-------- Data for processing

definition is_info_structure :: "'n::finite vec pmf \<Rightarrow> ('n vec \<times> 'n vec) pmf \<Rightarrow> bool" where
  "is_info_structure G I \<longleftrightarrow> finite (set_pmf I) \<and> map_pmf fst I = G \<and>
     (\<forall>x\<in>set_pmf I. \<forall>i. fst x i \<in> {0..1} \<and> snd x i \<in> {0..1})"

definition cexp :: "'a pmf \<Rightarrow> ('a \<Rightarrow> real) \<Rightarrow> 'a set \<Rightarrow> real" where
  "cexp I f A = measure_pmf.expectation I (\<lambda>x. indicator A x * f x) / measure_pmf.prob I A"

definition calibrated :: "('n::finite vec \<times> 'n vec) pmf \<Rightarrow> bool" where
  "calibrated I \<longleftrightarrow> (\<forall>i t. measure_pmf.prob I {x. snd x i = t} > 0 \<longrightarrow>
      cexp I (\<lambda>x. fst x i) {x. snd x i = t} = t)"

definition independent_is :: "('n::finite vec \<times> 'n vec) pmf \<Rightarrow> bool" where
  "independent_is I \<longleftrightarrow> (\<forall>i. \<forall>x\<in>set_pmf I.
      cexp I (\<lambda>y. fst y i) {y. snd y = snd x} = cexp I (\<lambda>y. fst y i) {y. snd y i = snd x i})"

definition correlated :: "('n::finite vec \<times> 'n vec) pmf \<Rightarrow> bool" where
  "correlated I \<longleftrightarrow> \<not> independent_is I"

end

theory Submission
  imports Defs
begin

text \<open>Let \<open>a = r i > b = r j\<close> and let \<open>t 0 < \<dots> < t (n + 1)\<close> be the uniform grid from
  \<open>b\<close> to \<open>a\<close>. Draw the profile by a fair coin and \<open>K \<sim> Bin(n, 1/2)\<close> independently; under
  \<open>r\<close> the bidders \<open>(i, j)\<close> are shown \<open>(t (K + 1), t K)\<close>, under \<open>r'\<close> they are shown
  \<open>(t K, t (K + 1))\<close>, and every other bidder sees its mean CTR, which is calibrated because
  both profiles have probability \<open>1/2\<close>. The identity
  \<open>(n choose k) (n - k) = (n choose (k + 1)) (k + 1)\<close> is detailed balance between the two ways
  of showing a grid value: the weight it gets from the profile above it and the weight it gets
  from the profile below it pull its conditional mean exactly onto itself, so every signal is
  calibrated. The bidder whose true CTR is \<open>a\<close> always wins and pays the fraction
  \<open>t K / t (K + 1) \<ge> K / (K + 1)\<close> of its value per click, so the revenue is at least
  \<open>v a (1 - E[1 / (K + 1)]) \<ge> v a (1 - 2 / (n + 1))\<close>. The full signal reveals the profile,
  while \<open>s i = t 1\<close> alone does not, so the structure is correlated.\<close>

lemma rev_at_single_top:
  fixes v :: real and R s :: "'n::finite vec" and p q :: 'n
  assumes "0 \<le> v" and "p \<noteq> q" and "0 \<le> s q" and "s q < s p"
    and below_q: "\<And>l. l \<noteq> p \<Longrightarrow> l \<noteq> q \<Longrightarrow> s l \<le> s q"
  shows "rev_at (\<lambda>_. v) R s = R p * v * s q / s p"
proof (cases "v = 0")
  case True
  have "winners (\<lambda>_. v) s = UNIV"
    using True by (auto simp: winners_def)
  moreover have "price (\<lambda>_. v) s l = 0" for l
  proof -
    obtain l' where "l' \<noteq> l"
      using \<open>p \<noteq> q\<close> by metis
    then have "{v * s j' | j'. j' \<noteq> l} = {0}"
      using True by auto
    then show ?thesis by (simp add: price_def)
  qed
  ultimately show ?thesis
    using True by (simp add: rev_at_def)
next
  case False
  with \<open>0 \<le> v\<close> have "0 < v" by simp
  have second: "s l \<le> s q" if "l \<noteq> p" for l
    using below_q[of l] that by (cases "l = q") auto
  then have "s l \<le> s p" and "l \<noteq> p \<Longrightarrow> s l < s p" for l
    using \<open>s q < s p\<close> by (cases "l = p"; fastforce)+
  then have "winners (\<lambda>_. v) s = {p}"
    using \<open>0 < v\<close> by (auto simp: winners_def mult_le_cancel_left_pos not_le[symmetric])
  moreover have "Max {v * s l | l. l \<noteq> p} = v * s q"
  proof (rule Max_eqI)
    show "v * s q \<in> {v * s l | l. l \<noteq> p}"
      using \<open>p \<noteq> q\<close> by auto
  qed (use second \<open>0 < v\<close> in \<open>auto intro: mult_left_mono\<close>)
  ultimately show ?thesis
    using \<open>0 \<le> s q\<close> \<open>s q < s p\<close> by (simp add: rev_at_def price_def)
qed

definition grid :: "real \<Rightarrow> real \<Rightarrow> nat \<Rightarrow> nat \<Rightarrow> real" where
  "grid a b n x = b + (a - b) * real x / real (Suc n)"

lemma grid_Suc_self [simp]: "grid a b n (Suc n) = a"
  by (simp add: grid_def del: of_nat_Suc)

lemma grid_less_iff:
  assumes "b < a"
  shows "grid a b n x < grid a b n y \<longleftrightarrow> x < y"
proof -
  have "grid a b n y - grid a b n x = (a - b) * (real y - real x) / real (Suc n)"
    by (simp add: grid_def diff_divide_distrib right_diff_distrib)
  moreover have "grid a b n x < grid a b n y \<longleftrightarrow> 0 < grid a b n y - grid a b n x"
    by simp
  ultimately show ?thesis
    using assms by (simp add: zero_less_divide_iff zero_less_mult_iff del: of_nat_Suc)
qed

lemma grid_eq_iff: "b < a \<Longrightarrow> grid a b n x = grid a b n y \<longleftrightarrow> x = y"
  by (auto simp: grid_def)

lemma grid_lower: "b \<le> a \<Longrightarrow> b \<le> grid a b n x"
  by (simp add: grid_def)

lemma grid_upper:
  assumes "b \<le> a" and "x \<le> Suc n"
  shows "grid a b n x \<le> a"
proof -
  have "(a - b) * (real x / real (Suc n)) \<le> a - b"
    using assms by (intro mult_left_le) auto
  then show ?thesis by (simp add: grid_def)
qed

lemma grid_ratio_ge:
  assumes "0 \<le> b" and "b < a"
  shows "real k / real (Suc k) \<le> grid a b n k / grid a b n (Suc k)"
proof -
  have "0 < grid a b n (Suc k)"
    using assms by (auto simp: grid_def intro!: add_nonneg_pos simp del: of_nat_Suc)
  moreover have "real k * grid a b n (Suc k) \<le> grid a b n k * real (Suc k)"
    using assms by (simp add: grid_def algebra_simps add_divide_distrib)
  ultimately show ?thesis by (simp add: divide_simps del: of_nat_Suc)
qed

lemma binomial_balance: "real (n choose k) * real (n - k) = real (n choose Suc k) * real (Suc k)"
proof -
  have "(n - k) * (n choose k) = Suc k * (n choose Suc k)"
    by (simp only: binomial_absorb_comp binomial_absorption)
  then show ?thesis by (metis mult.commute of_nat_mult)
qed

lemma sum_binomial_div_power2: "(\<Sum>k\<le>n. real (n choose k) / 2 ^ n) = (1::real)"
proof -
  have "(\<Sum>k\<le>n. real (n choose k)) = (2::real) ^ n"
    by (metis choose_row_sum of_nat_numeral of_nat_power of_nat_sum)
  then show ?thesis by (simp add: sum_divide_distrib[symmetric])
qed

lemma sum_binomial_div_power2_Suc_le:
  "(\<Sum>k\<le>n. real (n choose k) / 2 ^ n / real (Suc k)) \<le> 2 / real (Suc n)"
proof -
  have term_eq: "real (n choose k) / 2 ^ n / real (Suc k)
      = real (Suc n choose Suc k) / (2 ^ n * real (Suc n))" for k
  proof -
    have "real (Suc n) * real (n choose k) = real (Suc n choose Suc k) * real (Suc k)"
      by (metis Suc_times_binomial_eq of_nat_mult)
    then show ?thesis by (simp add: field_simps del: of_nat_Suc)
  qed
  have "(\<Sum>k\<le>n. real (Suc n choose Suc k)) \<le> (\<Sum>k\<le>Suc n. real (Suc n choose k))"
    unfolding sum.atMost_Suc_shift[of "\<lambda>k. real (Suc n choose k)" n] by simp
  also have "\<dots> = 2 ^ Suc n"
    by (metis choose_row_sum of_nat_numeral of_nat_power of_nat_sum)
  finally have row_bound: "(\<Sum>k\<le>n. real (Suc n choose Suc k)) \<le> 2 ^ Suc n" .
  have "(\<Sum>k\<le>n. real (n choose k) / 2 ^ n / real (Suc k))
      = (\<Sum>k\<le>n. real (Suc n choose Suc k)) / (2 ^ n * real (Suc n))"
    unfolding term_eq sum_divide_distrib ..
  also have "\<dots> \<le> 2 ^ Suc n / (2 ^ n * real (Suc n))"
    by (rule divide_right_mono[OF row_bound]) simp
  also have "\<dots> = 2 / real (Suc n)"
    by simp
  finally show ?thesis .
qed

lemma expectation_coin_binomial:
  fixes g :: "bool \<times> nat \<Rightarrow> real"
  shows "measure_pmf.expectation (pair_pmf (pmf_of_set UNIV) (binomial_pmf n (1/2))) g
     = (\<Sum>k\<le>n. real (n choose k) / 2 ^ n / 2 * (g (True, k) + g (False, k)))"
proof -
  let ?P = "pair_pmf (pmf_of_set UNIV) (binomial_pmf n (1/2))"
  have "measure_pmf.expectation ?P g = (\<Sum>x\<in>UNIV \<times> {..n}. g x * pmf ?P x)"
    by (rule integral_measure_pmf_real) auto
  also have "\<dots> = (\<Sum>e\<in>UNIV. \<Sum>k\<le>n. g (e, k) * pmf ?P (e, k))"
    by (simp add: sum.cartesian_product)
  also have "\<dots> = (\<Sum>k\<le>n. g (True, k) * pmf ?P (True, k) + g (False, k) * pmf ?P (False, k))"
    by (simp add: UNIV_bool sum.distrib add.commute)
  also have "\<dots> = (\<Sum>k\<le>n. real (n choose k) / 2 ^ n / 2 * (g (True, k) + g (False, k)))"
  proof (rule sum.cong[OF refl])
    fix k assume "k \<in> {..n}"
    then have "(1/2::real) ^ k * (1 - 1/2) ^ (n - k) = 1 / 2 ^ n"
      by (simp add: power_divide power_add[symmetric])
    then show "g (True, k) * pmf ?P (True, k) + g (False, k) * pmf ?P (False, k)
        = real (n choose k) / 2 ^ n / 2 * (g (True, k) + g (False, k))"
      by (simp add: pmf_pair field_simps)
  qed
  finally show ?thesis .
qed

lemma grid_balance_sum:
  fixes a b u :: real and n :: nat
  defines "t \<equiv> grid a b n"
  shows "(\<Sum>k\<le>n. real (n choose k) / 2 ^ n / 2 *
     (of_bool (t (Suc k) = u) * (a - u) + of_bool (t k = u) * (b - u))) = 0"
proof -
  define w where "w k = real (n choose k) / 2 ^ n" for k
  define D where "D x = of_bool (t x = u) * w x * real x" for x
  define c where "c = (a - b) / (2 * real (Suc n))"
  have term_eq: "w k / 2 * (of_bool (t (Suc k) = u) * (a - u) + of_bool (t k = u) * (b - u))
      = c * (D (Suc k) - D k)" if "k \<le> n" for k
  proof -
    have above: "a - t (Suc k) = (a - b) * real (n - k) / real (Suc n)"
      using that by (simp add: t_def grid_def of_nat_diff field_simps)
    have below: "b - t k = - ((a - b) * real k / real (Suc n))"
      by (simp add: t_def grid_def field_simps del: of_nat_Suc)
    have balance: "w k * real (n - k) = w (Suc k) * real (Suc k)"
      using binomial_balance[of n k] by (simp add: w_def field_simps del: of_nat_Suc)
    have "w k / 2 * (of_bool (t (Suc k) = u) * (a - u) + of_bool (t k = u) * (b - u))
        = w k / 2 * (of_bool (t (Suc k) = u) * (a - t (Suc k)) + of_bool (t k = u) * (b - t k))"
      by auto
    also have "\<dots> = c * (of_bool (t (Suc k) = u) * (w k * real (n - k)) - D k)"
      unfolding above below D_def c_def by (simp add: field_simps del: of_nat_Suc)
    also have "\<dots> = c * (D (Suc k) - D k)"
      by (simp add: balance D_def)
    finally show ?thesis .
  qed
  have "(\<Sum>k\<le>n. w k / 2 * (of_bool (t (Suc k) = u) * (a - u) + of_bool (t k = u) * (b - u)))
      = (\<Sum>k\<le>n. c * (D (Suc k) - D k))"
    by (rule sum.cong[OF refl], rule term_eq) simp
  also have "\<dots> = c * (\<Sum>k\<le>n. D (Suc k) - D k)"
    by (rule sum_distrib_left[symmetric])
  also have "(\<Sum>k\<le>n. D (Suc k) - D k) = D (Suc n) - D 0"
    using sum_lessThan_telescope[of D "Suc n"] by (simp add: lessThan_Suc_atMost)
  also have "D (Suc n) - D 0 = 0"
    by (simp add: D_def w_def)
  finally show ?thesis by (simp add: w_def)
qed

----------------

_Required work_
Look over the records above and filter for each line with the word "finally".

_Solution below_
  finally have row_bound: "(\<Sum>k\<le>n. real (Suc n choose Suc k)) \<le> 2 ^ Suc n" .
  finally show ?thesis .
  finally show ?thesis .
    finally show ?thesis .
  finally show ?thesis by (simp add: w_def)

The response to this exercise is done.